He showed me what it means to just be, “kind.”
And I nailed it, until a simple, “delete” button.

For all the times I have and I will fail Christians and others, I am sorry.
I made a mistake.
I forgot Christ.
I’m like the parable of the soil in Luke 8: 15, “they believe, but in times of testing they fall away.”

I failed Jesus.
And I failed myself.

Thankfully, Jesus doesn’t recount our failures and shortcomings to us.
Instead, He tells me to move on, and shine my light for all others to see.
“No one lights a lamp and hides it in a jar or puts it under a bed. Instead, he puts it on a stand, so that those who come in can see the light.” Luke 8:16

He does tell me to not fear, because no matter what happens, He will never leave my side.

Through trials, through pain, through struggles, through doubt, through the storms, through the waves…
He will never leave me, or you.


“I could not help but think that somewhere along the way we had missed what was radical about our faith and replaced it with what is comfortable” David Platt

Thursday, September 25, 2014

Let's Talk About Grace

Note cards were my saving grace during college finals.  
Grabbing the largest Diet Mountain Dew I could find, I would place myself in time out, silence my phone and study.
When it comes to tests, I am frantic and obsessive. In fact, one semester I had to take prescription migraine medicine because of the stress headaches I was giving myself.
In my mind, if you study a lot before a test, you receive a good grade.   
This formula, along with my note cards, never failed me.

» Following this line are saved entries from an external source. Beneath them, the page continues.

(* Let $m_x,m_v,\ell\ge1$ and $1\le k\le\ell$ be integers, $\mathcal V=\{0,\dots,m_v-1\}$, and assume $\mathcal V^\ell$ is endowed with a multiplication $\odot$ making it a field whose addition is coordinatewise addition modulo $m_v$ (e.g. $m_v$ prime and $\mathcal V^\ell\cong\mathrm{GF}(m_v^\ell)$). For $u\in\mathcal V^\ell\setminus\{0^\ell\}$ let $f_u:\mathcal V^\ell\to\mathcal V^k$ map $v$ to the first $k$ coordinates of $u\odot v$. For $z,z'\in\mathcal V^k$ define $\varphi(v)=((z'-z)\,|\,0^{\ell-k})\odot u^{-1}+v$. Then: (a) $\varphi$ is a bijection of $\mathcal V^\ell$ and $\varphi(f_u^{-1}(z))=f_u^{-1}(z')$. (b) Let $m=m_xm_v$, $n=\ell m$, let $|0\rangle,|\phi\rangle\in\mathcal H_Q$ be unit vectors and $\mathcal E_{Q\to Q}$ a quantum channel. For $1\le j\le m$ let $|\mathrm{PPM},j\rangle=|0\rangle^{\otimes(j-1)}\otimes|\phi\rangle\otimes|0\rangle^{\otimes(m-j)}$; for $x\in\{1,\dots,m_x\}$, $v\in\mathcal V$ let $d(x,v)=(x-1)m_v+v+1$; let $\tilde\rho^v=\frac1{m_x}\sum_{x=1}^{m_x}|\mathrm{PPM},d(x,v)\rangle\langle\mathrm{PPM},d(x,v)|$ and $\rho^{v^\ell}_{Q^n}=\mathcal E^{\otimes n}(\tilde\rho^{v_1}\otimes\cdots\otimes\tilde\rho^{v_\ell})$. Let $U_{\mathrm{CS}}$ be the unitary on $\mathcal H_Q^{\otimes m}$ with $U_{\mathrm{CS}}(|\psi_1\rangle\otimes\cdots\otimes|\psi_m\rangle)=|\psi_m\rangle\otimes|\psi_1\rangle\otimes\cdots\otimes|\psi_{m-1}\rangle$. Then for all $v^\ell,v'^\ell\in\mathcal V^\ell$, $$\rho_{Q^n}^{v^\ell+v'^\ell}=\big(U_{\mathrm{CS}}^{v'_1}\otimes\cdots\otimes U_{\mathrm{CS}}^{v'_\ell}\big)\rho_{Q^n}^{v^\ell}\big(U_{\mathrm{CS}}^{v'_1}\otimes\cdots\otimes U_{\mathrm{CS}}^{v'_\ell}\big)^\dagger,$$ with $v^\ell+v'^\ell$ computed coordinatewise modulo $m_v$.
   Context: $a\,|\,b$ denotes concatenation of sequences and $0^j$ the all-zero sequence of length $j$; $z'-z$ is coordinatewise subtraction modulo $m_v$. $f_u^{-1}(z)=\{v\in\mathcal V^\ell: f_u(v)=z\}$. $\mathcal H_Q$ is finite-dimensional. *)

theory Defs
  imports Complex_Main "HOL-Algebra.Ring"
begin
(* For every positive integer $r$ there is a ReLU network with two input units, all of whose weights lie in $\{\frac12,-\frac12\}$, implementing a function $\times':\mathbb{R}^2\to\mathbb{R}$ such that: (i) $\times'(x,y)=0$ whenever $x=0$ or $y=0$; (ii) $|\times'(x,y)-xy|\le 6\cdot 2^{-2(r+1)}$ for all $x,y\in[-1,1]$; (iii) the depth is $\mathcal{O}(r)$; (iv) the width is bounded by a constant independent of $r$; (v) the number of weights is $\mathcal{O}(r)$.
   Context: A ReLU network is a feedforward network with activation $\sigma(x)=\max(0,x)$ in which each unit connects only to units in the next layer; depth is the number of layers and width the maximum number of units in a layer. *)

theory Defs
  imports Main "HOL.Real"
begin

definition relu :: "real \<Rightarrow> real" where
  "relu x = max 0 x"

text \<open>A unit (neuron) is given by its list of incoming weights (one per unit of the
  previous layer; weight 0 means: no connection) and its bias (0 means: no bias).
  A layer is a list of units; a network is the list of its non-input layers
  (hidden layers followed by the output layer).\<close>
type_synonym neuron = "real list \<times> real"
type_synonym layer = "neuron list"
type_synonym network = "layer list"

definition eval_neuron :: "neuron \<Rightarrow> real list \<Rightarrow> real" where
  "eval_neuron u xs = sum_list (map2 (*) (fst u) xs) + snd u"

fun eval_net :: "network \<Rightarrow> real list \<Rightarrow> real list" where
  "eval_net [] xs = xs"
| "eval_net [L] xs = map (\<lambda>u. eval_neuron u xs) L"
| "eval_net (L # Ls) xs = eval_net Ls (map (\<lambda>u. relu (eval_neuron u xs)) L)"

fun wf_layers :: "nat \<Rightarrow> network \<Rightarrow> bool" where
  "wf_layers n [] = False"
| "wf_layers n [L] = (length L = 1 \<and> (\<forall>u\<in>set L. length (fst u) = n))"
| "wf_layers n (L # Ls) = (L \<noteq> [] \<and> (\<forall>u\<in>set L. length (fst u) = n) \<and> wf_layers (length L) Ls)"

definition relu_net2 :: "network \<Rightarrow> bool" where
  "relu_net2 N = wf_layers 2 N"

definition net_fun :: "network \<Rightarrow> real \<Rightarrow> real \<Rightarrow> real" where
  "net_fun N x y = hd (eval_net N [x, y])"

definition half_weights :: "network \<Rightarrow> bool" where
  "half_weights N = (\<forall>L\<in>set N. \<forall>u\<in>set L.
      (\<forall>w\<in>set (fst u). w \<in> {0, 1/2, -1/2}) \<and> snd u \<in> {0, 1/2, -1/2})"

text \<open>Depth = number of layers (including the input layer).\<close>
definition depth :: "network \<Rightarrow> nat" where
  "depth N = length N + 1"

text \<open>Width = maximal number of units in a layer (including the input layer of size 2).\<close>
definition width :: "network \<Rightarrow> nat" where
  "width N = Max (insert 2 (set (map length N)))"

definition num_weights :: "network \<Rightarrow> nat" where
  "num_weights N = (\<Sum>L\<leftarrow>N. \<Sum>u\<leftarrow>L.
      length (filter (\<lambda>w. w \<noteq> 0) (fst u)) + (if snd u \<noteq> 0 then 1 else 0))"

end

theory Submission
  imports Defs
begin

text \<open>Since \<open>x y = ((x+y)/2)\<^sup>2 - ((x-y)/2)\<^sup>2\<close>, it suffices to approximate \<open>t \<mapsto> t\<^sup>2\<close> on
  \<open>[0,1]\<close>.  With the tent map \<open>g\<close>, the identity \<open>t\<^sup>2 = t - g t / 2 + (g t)\<^sup>2 / 4\<close> yields
  Yarotsky's approximation \<open>F\<^sub>m t = t - (\<Sum>k=1..m. g\<^sup>k t / 4\<^sup>k)\<close> with
  \<open>0 \<le> F\<^sub>m t - t\<^sup>2 \<le> 1 / 4\<^sup>m\<^sup>+\<^sup>1\<close>; the error is one-sided, so it does not add up in the difference
  of the two squares.  The network carries the pairs \<open>(g\<^sup>k t, 4\<^sup>k F\<^sub>k t)\<close>, both nonnegative so that
  ReLU acts as the identity on them, through \<open>m\<close> blocks of two layers, and finally rescales
  by \<open>4\<^sup>m\<^sup>+\<^sup>1\<close> with halving layers.  Weights \<open>\<plusminus>2\<^sup>j\<close> with \<open>j \<ge> 0\<close> are emulated by repeating a unit
  \<open>2\<^sup>j\<^sup>+\<^sup>1\<close> times and connecting every copy with weight \<open>\<plusminus>1/2\<close>.\<close>

lemma relu_eq_self [simp]: "0 \<le> x \<Longrightarrow> relu x = x"
  by (simp add: relu_def)

lemma relu_nonneg [simp]: "0 \<le> relu x"
  by (simp add: relu_def)

lemma relu_relu_minus: "0 \<le> c \<Longrightarrow> relu (relu t - c) = relu (t - c)"
  by (simp add: relu_def)

lemma relu_add_relu_uminus: "relu a + relu (- a) = \<bar>a\<bar>"
  by (simp add: relu_def)

definition tent :: "real \<Rightarrow> real" where
  "tent t = 2 * t - 4 * relu (t - 1/2)"

fun sq_approx :: "nat \<Rightarrow> real \<Rightarrow> real" where
  "sq_approx 0 t = t"
| "sq_approx (Suc k) t = t - tent t / 2 + sq_approx k (tent t) / 4"

lemma tent_range: "0 \<le> t \<Longrightarrow> t \<le> 1 \<Longrightarrow> 0 \<le> tent t \<and> tent t \<le> 1"
  by (cases "t \<le> 1/2") (auto simp: tent_def relu_def)

lemma funpow_tent_range: "0 \<le> t \<Longrightarrow> t \<le> 1 \<Longrightarrow> 0 \<le> (tent ^^ k) t \<and> (tent ^^ k) t \<le> 1"
  by (induction k) (auto simp: tent_range)

lemma square_eq_tent: "0 \<le> t \<Longrightarrow> t \<le> 1 \<Longrightarrow> t\<^sup>2 = t - tent t / 2 + (tent t)\<^sup>2 / 4"
  by (cases "t \<le> 1/2") (auto simp: tent_def relu_def power2_eq_square field_simps)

My saving grace through Nashville’s half marathon last year was the treadmill.
I figured out that if I put the treadmill on an incline, and placed at a certain speed, I would be ready by the time the race came.
This worked like a gem.
The treadmill didn’t fail me.

I’ve always had the personality that if you want something to happen, you make it happen.
If I wanted a good grade, I studied hard.
If I wanted to run a half marathon, I trained hard.

This “do it yourself”, mindset works perfectly, except when it comes to grace.

Grace does not make sense to me.
I don’t understand life that doesn’t have strings attached.
But, that is GRACE.
Undeserved. Unearned. Unbelievable. Unremarkable.

I have been in Nashville 2 ½ years.
 I didn’t move to the city to pursue music,but rather, ministry.
God set up a connection at a Walmart in Gallatin, TN., which changed the course of my life.
I had forgotten about music, but God didn’t forget about me.

When I got the call that my song was cut by an up and coming country artist Monday night, I was shocked to say the least.
Like many people, I have had a lot more disappointment than acceptances in life.
I haven’t always been on the winning end.
I’ve gotten fairly comfortable with things not working out.

After the happy tears, I asked God, “Why? Why me? I don’t deserve this. There are so many talented writers in this town, why me? Do you remember when I stole money from my grandpa to buy food to feed my addiction? Do you remember when I crashed a car because of bulimia? Do you remember the times I lied to my mom and yelled at my dad? Do you remember?”

My past loves to remind my present how I am undeserving.

Here I was, having a dream happen right before my eyes, and a part of me was sad.
 I was sad for the people who don’t get cuts. I was sad for the people who never have a dream fulfilled. I was sad because I didn’t think I was worthy enough.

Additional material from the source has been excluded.